Philippines Senate President Vicente Sotto III has filed Senate Bill 2109, or the proposed Philippine Online Infringement Act, which seeks to enable the Intellectual Property Office (IPO), through the National Telecommunications Commission (NTC), to revoke the licences of Internet Service Providers (ISPs) which allow websites to infringe or facilitate the infringement of copyright.

The Bill aims to stop online piracy by compelling ISPs “to take reasonable steps to disable access to sites whenever they are reported to be infringing copyright or facilitating copyright infringement”.

In a explanatory note accompanying the Bill,  Sotto said that unfortunately, the Philippines was one of the countries described by Internet pirates as ‘safe’ for uploading, downloading, linking, torrenting, and stream infringing content without fear of prosecution. “The Philippines continues to be a haven for cybercriminals who illegally make content available on the Internet,” he added, suggesting it was the obligation of the State to protect the works of Filipino artists — “may it be actors, singers, painters and application developers”.
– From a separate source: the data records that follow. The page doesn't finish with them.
(* If $(s_1,s_2,p)\in\Gamma_3$ (respectively $\mathbb G_3$), then $\left(\tfrac{s_1}{3}+\omega\tfrac{s_2}{3},\,\omega p\right)\in\Gamma_2$ (respectively $\mathbb G_2$) for every $\omega\in\mathbb T$.
   Context: $\mathbb G_2=\{(z_1+z_2,z_1z_2):|z_1|,|z_2|<1\}$, $\Gamma_2$ the same with $\le1$; $\mathbb G_3=\{(z_1+z_2+z_3,z_1z_2+z_2z_3+z_3z_1,z_1z_2z_3):|z_i|<1\}$, $\Gamma_3$ the same with $|z_i|\le1$. *)

theory Defs
  imports "HOL-Analysis.Analysis"
begin

definition G2 :: "(complex \<times> complex) set" where
  "G2 = {(z1 + z2, z1 * z2) | z1 z2. norm z1 < 1 \<and> norm z2 < 1}"

definition Gamma2 :: "(complex \<times> complex) set" where
  "Gamma2 = {(z1 + z2, z1 * z2) | z1 z2. norm z1 \<le> 1 \<and> norm z2 \<le> 1}"

definition G3 :: "(complex \<times> complex \<times> complex) set" where
  "G3 = {(z1 + z2 + z3, z1 * z2 + z2 * z3 + z3 * z1, z1 * z2 * z3) | z1 z2 z3.
           norm z1 < 1 \<and> norm z2 < 1 \<and> norm z3 < 1}"

definition Gamma3 :: "(complex \<times> complex \<times> complex) set" where
  "Gamma3 = {(z1 + z2 + z3, z1 * z2 + z2 * z3 + z3 * z1, z1 * z2 * z3) | z1 z2 z3.
           norm z1 \<le> 1 \<and> norm z2 \<le> 1 \<and> norm z3 \<le> 1}"

end

(* Classically, (S, P) \<in> Gamma2 iff |S| \<le> 2, |P| \<le> 1 and |S - cnj S P| \<le> 1 - |P|^2 (for G2:
   |P| < 1 and the last inequality strict). As S \<mapsto> S - cnj S P is real-linear, every fibre
   {S. (S, P) \<in> Gamma2} over a fixed P is convex, and likewise for G2. Now if (s1, s2, p) comes
   from z1, z2, z3, then (s1/3 + \<omega> s2/3, \<omega> p) is the barycentre of the three points
   (z_i + \<omega> z_j z_k, \<omega> p) = (u + v, u v) with u = z_i, v = \<omega> z_j z_k, which lie in Gamma2
   (resp. G2) and over the same P = \<omega> p. *)

theory Submission
  imports Defs
begin

lemma sum_minus_cnj_sum_mult_prod:
  fixes u v :: complex
  shows "(u + v) - cnj (u + v) * (u * v) =
         u * of_real (1 - (norm v)\<^sup>2) + v * of_real (1 - (norm u)\<^sup>2)"
proof -
  have "(u + v) - cnj (u + v) * (u * v) = u + v - (u * cnj u) * v - (v * cnj v) * u"
    by (simp add: algebra_simps)
  also have "\<dots> = u * of_real (1 - (norm v)\<^sup>2) + v * of_real (1 - (norm u)\<^sup>2)"
    unfolding complex_norm_square[symmetric] by (simp add: algebra_simps)
  finally show ?thesis .
qed

lemma norm_sum_minus_cnj_sum_mult_prod_le:
  fixes u v :: complex
  assumes "norm u \<le> 1" "norm v \<le> 1"
  shows "norm ((u + v) - cnj (u + v) * (u * v)) \<le>
         (norm u + norm v) * (1 - norm u * norm v)"
proof -
  have "(norm u)\<^sup>2 \<le> 1" "(norm v)\<^sup>2 \<le> 1"
    using assms by (simp_all add: power_le_one)
  then have "norm (u * of_real (1 - (norm v)\<^sup>2) + v * of_real (1 - (norm u)\<^sup>2))
             \<le> norm u * (1 - (norm v)\<^sup>2) + norm v * (1 - (norm u)\<^sup>2)"
    by (smt (verit) norm_mult norm_of_real norm_triangle_ineq)
  also have "\<dots> = (norm u + norm v) * (1 - norm u * norm v)"
    by (simp add: algebra_simps power2_eq_square)
  finally show ?thesis
    unfolding sum_minus_cnj_sum_mult_prod .
qed

lemma norm_sum_minus_cnj_sum_mult_prod_ge:
  fixes u v :: complex
  assumes "1 \<le> norm u"
  shows "(norm u + norm v) * (1 - norm u * norm v) \<le>
         norm ((u + v) - cnj (u + v) * (u * v))"
proof -
  have "(norm u + norm v) * (1 - norm u * norm v)
        = norm u * (1 - (norm v)\<^sup>2) - norm v * ((norm u)\<^sup>2 - 1)"
    by (simp add: algebra_simps power2_eq_square)
  also have "\<dots> \<le> norm (u * of_real (1 - (norm v)\<^sup>2)) - norm (v * of_real (1 - (norm u)\<^sup>2))"
    unfolding norm_mult norm_of_real
    using assms by (simp add: mult_left_mono one_le_power)
  also have "\<dots> \<le> norm (u * of_real (1 - (norm v)\<^sup>2) + v * of_real (1 - (norm u)\<^sup>2))"
    by (rule norm_diff_ineq)
  finally show ?thesis
    unfolding sum_minus_cnj_sum_mult_prod .
qed

lemma norm_sum_gt_2_if_defect_eq_0:
  fixes u v :: complex
  assumes u: "1 < norm u" and uv: "norm u * norm v = 1"
    and defect: "(u + v) - cnj (u + v) * (u * v) = 0"
  shows "2 < norm (u + v)"
proof -
  define a b where "a = norm u" and "b = norm v"
  have a: "1 < a" and ab1: "a * b = 1" using u uv by (simp_all add: a_def b_def)
  have "b < 1"
    using a ab1 mult_left_mono[of 1 b a] by fastforce
  then have "b\<^sup>2 < a\<^sup>2"
    using a power_strict_mono[of b a 2] by (simp add: b_def)
  then have "0 < a\<^sup>2 - 1" "0 < a\<^sup>2 - b\<^sup>2"
    using a by (simp_all add: one_less_power)
  \<comment> \<open>The vanishing defect makes v a positive real multiple of u, so |u + v| = a + 1/a.\<close>
  have "u * of_real (1 - b\<^sup>2) = v * of_real (a\<^sup>2 - 1)"
    using defect unfolding sum_minus_cnj_sum_mult_prod a_def b_def
    by (simp add: algebra_simps)
  then have "(u + v) * of_real (a\<^sup>2 - 1) = u * (of_real (a\<^sup>2 - 1) + of_real (1 - b\<^sup>2))"
    by (simp only: distrib_left distrib_right)
  then have "(u + v) * of_real (a\<^sup>2 - 1) = u * of_real (a\<^sup>2 - b\<^sup>2)"
    by (simp only: of_real_add[symmetric]) simp
  then have "norm (u + v) * \<bar>a\<^sup>2 - 1\<bar> = a * \<bar>a\<^sup>2 - b\<^sup>2\<bar>"
    by (metis norm_mult norm_of_real a_def)
  with \<open>0 < a\<^sup>2 - 1\<close> \<open>0 < a\<^sup>2 - b\<^sup>2\<close>
  have "norm (u + v) * (a\<^sup>2 - 1) = a * (a\<^sup>2 - b\<^sup>2)"
    by simp
  moreover have "2 * (a\<^sup>2 - 1) < a * (a\<^sup>2 - b\<^sup>2)"
  proof -
    have "a * (a * (a\<^sup>2 - b\<^sup>2)) - a * (2 * (a\<^sup>2 - 1)) = (a - 1) ^ 3 * (a + 1)"
      using ab1 by algebra
    moreover have "0 < (a - 1) ^ 3 * (a + 1)" using a by simp
    ultimately have "a * (2 * (a\<^sup>2 - 1)) < a * (a * (a\<^sup>2 - b\<^sup>2))" by linarith
    moreover have "0 < a" using a by linarith
    ultimately show ?thesis by (metis mult_less_cancel_left_pos)
  qed
  ultimately show ?thesis
    using \<open>0 < a\<^sup>2 - 1\<close> by (metis mult_less_cancel_right_pos)
qed

lemma norm_le_1_if_Gamma2_conditions:
  fixes u v :: complex
  assumes prod: "norm (u * v) \<le> 1" and sum: "norm (u + v) \<le> 2"
    and defect: "norm ((u + v) - cnj (u + v) * (u * v)) \<le> 1 - (norm (u * v))\<^sup>2"
  shows "norm u \<le> 1"
proof (rule ccontr)
  define a b where "a = norm u" and "b = norm v"
  assume "\<not> norm u \<le> 1"
  then have a: "1 < a" by (simp add: a_def)
  have ab: "a * b \<le> 1" using prod by (simp add: a_def b_def norm_mult)
  have b: "b < 1"
    using a ab mult_left_mono[of 1 b a] by fastforce
  show False
  proof (cases "a * b < 1")
    case True
    have "(a + b) * (1 - a * b) \<le> (1 + a * b) * (1 - a * b)"
      using norm_sum_minus_cnj_sum_mult_prod_ge[of u v] defect a
      by (simp add: a_def b_def norm_mult power2_eq_square algebra_simps)
    then have "a + b \<le> 1 + a * b" using True by simp
    moreover have "0 < (a - 1) * (1 - b)" using a b by simp
    ultimately show False by (simp add: algebra_simps)
  next
    case False
    with ab have ab1: "a * b = 1" by simp
    then have "1 - (norm (u * v))\<^sup>2 = 0"
      by (simp add: a_def b_def norm_mult)
    then have "norm ((u + v) - cnj (u + v) * (u * v)) \<le> 0"
      using defect by linarith
    then have "(u + v) - cnj (u + v) * (u * v) = 0"
      by (simp only: norm_le_zero_iff)
    then have "2 < norm (u + v)"
      using norm_sum_gt_2_if_defect_eq_0[of u v] a ab1 unfolding a_def b_def by blast
    with sum show False by simp
  qed
qed

lemma norm_less_1_if_G2_conditions:
  fixes u v :: complex
  assumes prod: "norm (u * v) < 1"
    and defect: "norm ((u + v) - cnj (u + v) * (u * v)) < 1 - (norm (u * v))\<^sup>2"
  shows "norm u < 1"
proof (rule ccontr)
  define a b where "a = norm u" and "b = norm v"
  assume "\<not> norm u < 1"
  then have a: "1 \<le> a" by (simp add: a_def)
  have ab: "a * b < 1" using prod by (simp add: a_def b_def norm_mult)
  have b: "b < 1"
    using a ab mult_left_mono[of 1 b a] by fastforce
  have "(a + b) * (1 - a * b) < (1 + a * b) * (1 - a * b)"
    using norm_sum_minus_cnj_sum_mult_prod_ge[of u v] defect a
    by (simp add: a_def b_def norm_mult power2_eq_square algebra_simps)
  then have "a + b < 1 + a * b" using ab by simp
  moreover have "0 \<le> (a - 1) * (1 - b)" using a b by simp
  ultimately show False by (simp add: algebra_simps)
qed

lemma norm_mult_less_1:
  fixes a b :: "'a :: real_normed_div_algebra"
  assumes "norm a < 1" "norm b < 1"
  shows "norm (a * b) < 1"
  using assms by (simp add: norm_mult)
    (metis mult_left_le_one_le norm_ge_zero less_imp_le le_less_trans)

lemma ex_sum_prod_eq:
  fixes S P :: complex
  obtains u v where "S = u + v" "P = u * v"
proof
  define d where "d = csqrt (S\<^sup>2 - 4 * P)"
  show "S = (S + d) / 2 + (S - d) / 2" by (simp add: field_simps)
  have "d\<^sup>2 = S\<^sup>2 - 4 * P" by (simp add: d_def)
  then show "P = (S + d) / 2 * ((S - d) / 2)"
    by (simp add: field_simps power2_eq_square)
qed

lemma Gamma2_iff:
  "(S, P) \<in> Gamma2 \<longleftrightarrow>
     norm S \<le> 2 \<and> norm P \<le> 1 \<and> norm (S - cnj S * P) \<le> 1 - (norm P)\<^sup>2"
proof
  assume "(S, P) \<in> Gamma2"
  then obtain u v where SP: "S = u + v" "P = u * v" and uv: "norm u \<le> 1" "norm v \<le> 1"
    unfolding Gamma2_def by blast
  have "norm S \<le> 2" using uv norm_triangle_ineq[of u v] unfolding SP by simp
  moreover have "norm P \<le> 1" using uv unfolding SP by (simp add: norm_mult mult_le_one)
  moreover have "(norm u + norm v) * (1 - norm u * norm v) \<le> 1 - (norm u * norm v)\<^sup>2"
  proof -
    have "0 \<le> (1 - norm u) * (1 - norm v) * (1 - norm u * norm v)"
      using uv by (simp add: mult_le_one)
    then show ?thesis by (simp add: algebra_simps power2_eq_square)
  qed
  ultimately show "norm S \<le> 2 \<and> norm P \<le> 1 \<and> norm (S - cnj S * P) \<le> 1 - (norm P)\<^sup>2"
    using norm_sum_minus_cnj_sum_mult_prod_le[OF uv] unfolding SP by (simp add: norm_mult)
next
  assume "norm S \<le> 2 \<and> norm P \<le> 1 \<and> norm (S - cnj S * P) \<le> 1 - (norm P)\<^sup>2"
  moreover obtain u v where SP: "S = u + v" "P = u * v" by (rule ex_sum_prod_eq)
  ultimately have "norm u \<le> 1" "norm v \<le> 1"
    using norm_le_1_if_Gamma2_conditions[of u v] norm_le_1_if_Gamma2_conditions[of v u]
    by (simp_all add: add.commute mult.commute)
  then show "(S, P) \<in> Gamma2" unfolding Gamma2_def SP by blast
qed

lemma G2_iff:
  "(S, P) \<in> G2 \<longleftrightarrow> norm P < 1 \<and> norm (S - cnj S * P) < 1 - (norm P)\<^sup>2"
proof
  assume "(S, P) \<in> G2"
  then obtain u v where SP: "S = u + v" "P = u * v" and uv: "norm u < 1" "norm v < 1"
    unfolding G2_def by blast
  have uv1: "norm u * norm v < 1"
    using norm_mult_less_1[OF uv] by (simp add: norm_mult)
  then have "norm P < 1" unfolding SP by (simp add: norm_mult)
  moreover have "(norm u + norm v) * (1 - norm u * norm v) < 1 - (norm u * norm v)\<^sup>2"
  proof -
    have "0 < (1 - norm u) * (1 - norm v) * (1 - norm u * norm v)"
      using uv uv1 by simp
    then show ?thesis by (simp add: algebra_simps power2_eq_square)
  qed
  ultimately show "norm P < 1 \<and> norm (S - cnj S * P) < 1 - (norm P)\<^sup>2"
    using norm_sum_minus_cnj_sum_mult_prod_le[of u v] uv unfolding SP by (simp add: norm_mult)
next
  assume "norm P < 1 \<and> norm (S - cnj S * P) < 1 - (norm P)\<^sup>2"
  moreover obtain u v where SP: "S = u + v" "P = u * v" by (rule ex_sum_prod_eq)
  ultimately have "norm u < 1" "norm v < 1"
    using norm_less_1_if_G2_conditions[of u v] norm_less_1_if_G2_conditions[of v u]
    by (simp_all add: add.commute mult.commute)
  then show "(S, P) \<in> G2" unfolding G2_def SP by blast
qed

lemma linear_minus_cnj_mult: "linear (\<lambda>S. S - cnj S * P)"
  by (rule linearI) (simp_all add: scaleR_conv_of_real algebra_simps)

lemma convex_Gamma2_fibre: "convex {S. (S, P) \<in> Gamma2}"
proof (cases "norm P \<le> 1")
  case True
  then have "{S. (S, P) \<in> Gamma2} =
             cball 0 2 \<inter> (\<lambda>S. S - cnj S * P) -` cball 0 (1 - (norm P)\<^sup>2)"
    by (auto simp: Gamma2_iff)
  then show ?thesis
    by (simp add: convex_Int convex_linear_vimage linear_minus_cnj_mult)
next
  case False
  then show ?thesis by (simp add: Gamma2_iff)
qed

lemma convex_G2_fibre: "convex {S. (S, P) \<in> G2}"
proof (cases "norm P < 1")
  case True
  then have "{S. (S, P) \<in> G2} = (\<lambda>S. S - cnj S * P) -` ball 0 (1 - (norm P)\<^sup>2)"
    by (auto simp: G2_iff)
  then show ?thesis
    by (simp add: convex_linear_vimage linear_minus_cnj_mult)
next
  case False
  then show ?thesis by (simp add: G2_iff)
qed

lemma convex_mean3:
  assumes "convex A" "x \<in> A" "y \<in> A" "z \<in> A"
  shows "(1/3) *\<^sub>R (x + y + z) \<in> A"
proof -
  have "(1/2) *\<^sub>R x + (1/2) *\<^sub>R y \<in> A"
    using assms by (intro convexD) auto
  then have "(2/3) *\<^sub>R ((1/2) *\<^sub>R x + (1/2) *\<^sub>R y) + (1/3) *\<^sub>R z \<in> A"
    using assms by (intro convexD) auto
  then show ?thesis by (simp add: scaleR_add_right)
qed

lemma barycentre_in_convex_fibre:
  fixes X :: "(complex \<times> complex) set" and z1 z2 z3 \<omega> :: complex
  defines "P \<equiv> \<omega> * (z1 * z2 * z3)"
  assumes "convex {S. (S, P) \<in> X}"
    and "(z1 + \<omega> * (z2 * z3), z1 * (\<omega> * (z2 * z3))) \<in> X"
    and "(z2 + \<omega> * (z3 * z1), z2 * (\<omega> * (z3 * z1))) \<in> X"
    and "(z3 + \<omega> * (z1 * z2), z3 * (\<omega> * (z1 * z2))) \<in> X"
  shows "((z1 + z2 + z3) / 3 + \<omega> * (z1 * z2 + z2 * z3 + z3 * z1) / 3, P) \<in> X"
proof -
  have "(z1 + z2 + z3) / 3 + \<omega> * (z1 * z2 + z2 * z3 + z3 * z1) / 3 =
        (1/3) *\<^sub>R ((z1 + \<omega> * (z2 * z3)) + (z2 + \<omega> * (z3 * z1)) + (z3 + \<omega> * (z1 * z2)))"
    by (simp add: scaleR_conv_of_real field_simps)
  also have "\<dots> \<in> {S. (S, P) \<in> X}"
    using assms by (intro convex_mean3) (simp_all add: P_def mult_ac)
  finally show ?thesis by simp
qed

theorem mainTheorem15:
  fixes s1 s2 p \<omega> :: complex
  assumes "norm \<omega> = 1"
  shows "((s1, s2, p) \<in> Gamma3 \<longrightarrow> (s1 / 3 + \<omega> * s2 / 3, \<omega> * p) \<in> Gamma2)
       \<and> ((s1, s2, p) \<in> G3 \<longrightarrow> (s1 / 3 + \<omega> * s2 / 3, \<omega> * p) \<in> G2)"
proof (intro conjI impI)
  assume "(s1, s2, p) \<in> Gamma3"
  then obtain z1 z2 z3 where s: "s1 = z1 + z2 + z3" "s2 = z1 * z2 + z2 * z3 + z3 * z1"
      "p = z1 * z2 * z3" and z: "norm z1 \<le> 1" "norm z2 \<le> 1" "norm z3 \<le> 1"
    unfolding Gamma3_def by blast
  have pair: "(u + \<omega> * (a * b), u * (\<omega> * (a * b))) \<in> Gamma2"
    if "norm u \<le> 1" "norm a \<le> 1" "norm b \<le> 1" for u a b
  proof -
    have "norm (\<omega> * (a * b)) \<le> 1" using that assms by (simp add: norm_mult mult_le_one)
    with that show ?thesis unfolding Gamma2_def by blast
  qed
  show "(s1 / 3 + \<omega> * s2 / 3, \<omega> * p) \<in> Gamma2"
    unfolding s by (intro barycentre_in_convex_fibre convex_Gamma2_fibre pair z)
next
  assume "(s1, s2, p) \<in> G3"
  then obtain z1 z2 z3 where s: "s1 = z1 + z2 + z3" "s2 = z1 * z2 + z2 * z3 + z3 * z1"
      "p = z1 * z2 * z3" and z: "norm z1 < 1" "norm z2 < 1" "norm z3 < 1"
    unfolding G3_def by blast
  have pair: "(u + \<omega> * (a * b), u * (\<omega> * (a * b))) \<in> G2"
    if "norm u < 1" "norm a < 1" "norm b < 1" for u a b
  proof -
    have "norm (\<omega> * (a * b)) < 1" using norm_mult_less_1[OF that(2,3)] assms by (simp add: norm_mult)
    with that show ?thesis unfolding G2_def by blast
  qed
  show "(s1 / 3 + \<omega> * s2 / 3, \<omega> * p) \<in> G2"
    unfolding s by (intro barycentre_in_convex_fibre convex_G2_fibre pair z)
qed

end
The Bill proposes that copyright owners or exclusive licensees shall file an application to the IPO to require ISPs to disable infringing websites. Within 15 days, the IPO shall review the application and report its findings to the copyright owner, as well as to the ISPs.

A Review Committee shall then look into the IPO report and decide whether or not the concerned website infringes copyright with its content. Its ruling shall be sent back to the IPO, which would then issue an order to the ISPs to take action on the copyright owner’s report, if the petition was granted; or notice to the owner that his or her application was denied.

The ISPs must comply with the order within 10 days, unless they would challenge the IPO decision.

Whether or not the petition was granted or denied, the IPO should forward its order to the NTC. Should a petition be granted and the ISP failed or refused to comply, the IPO could recommend to the NTC the cancellation of its licence. The NTC would then investigate the IPO’s recommendation and determine if the cancellation would be “proper and meritorious”.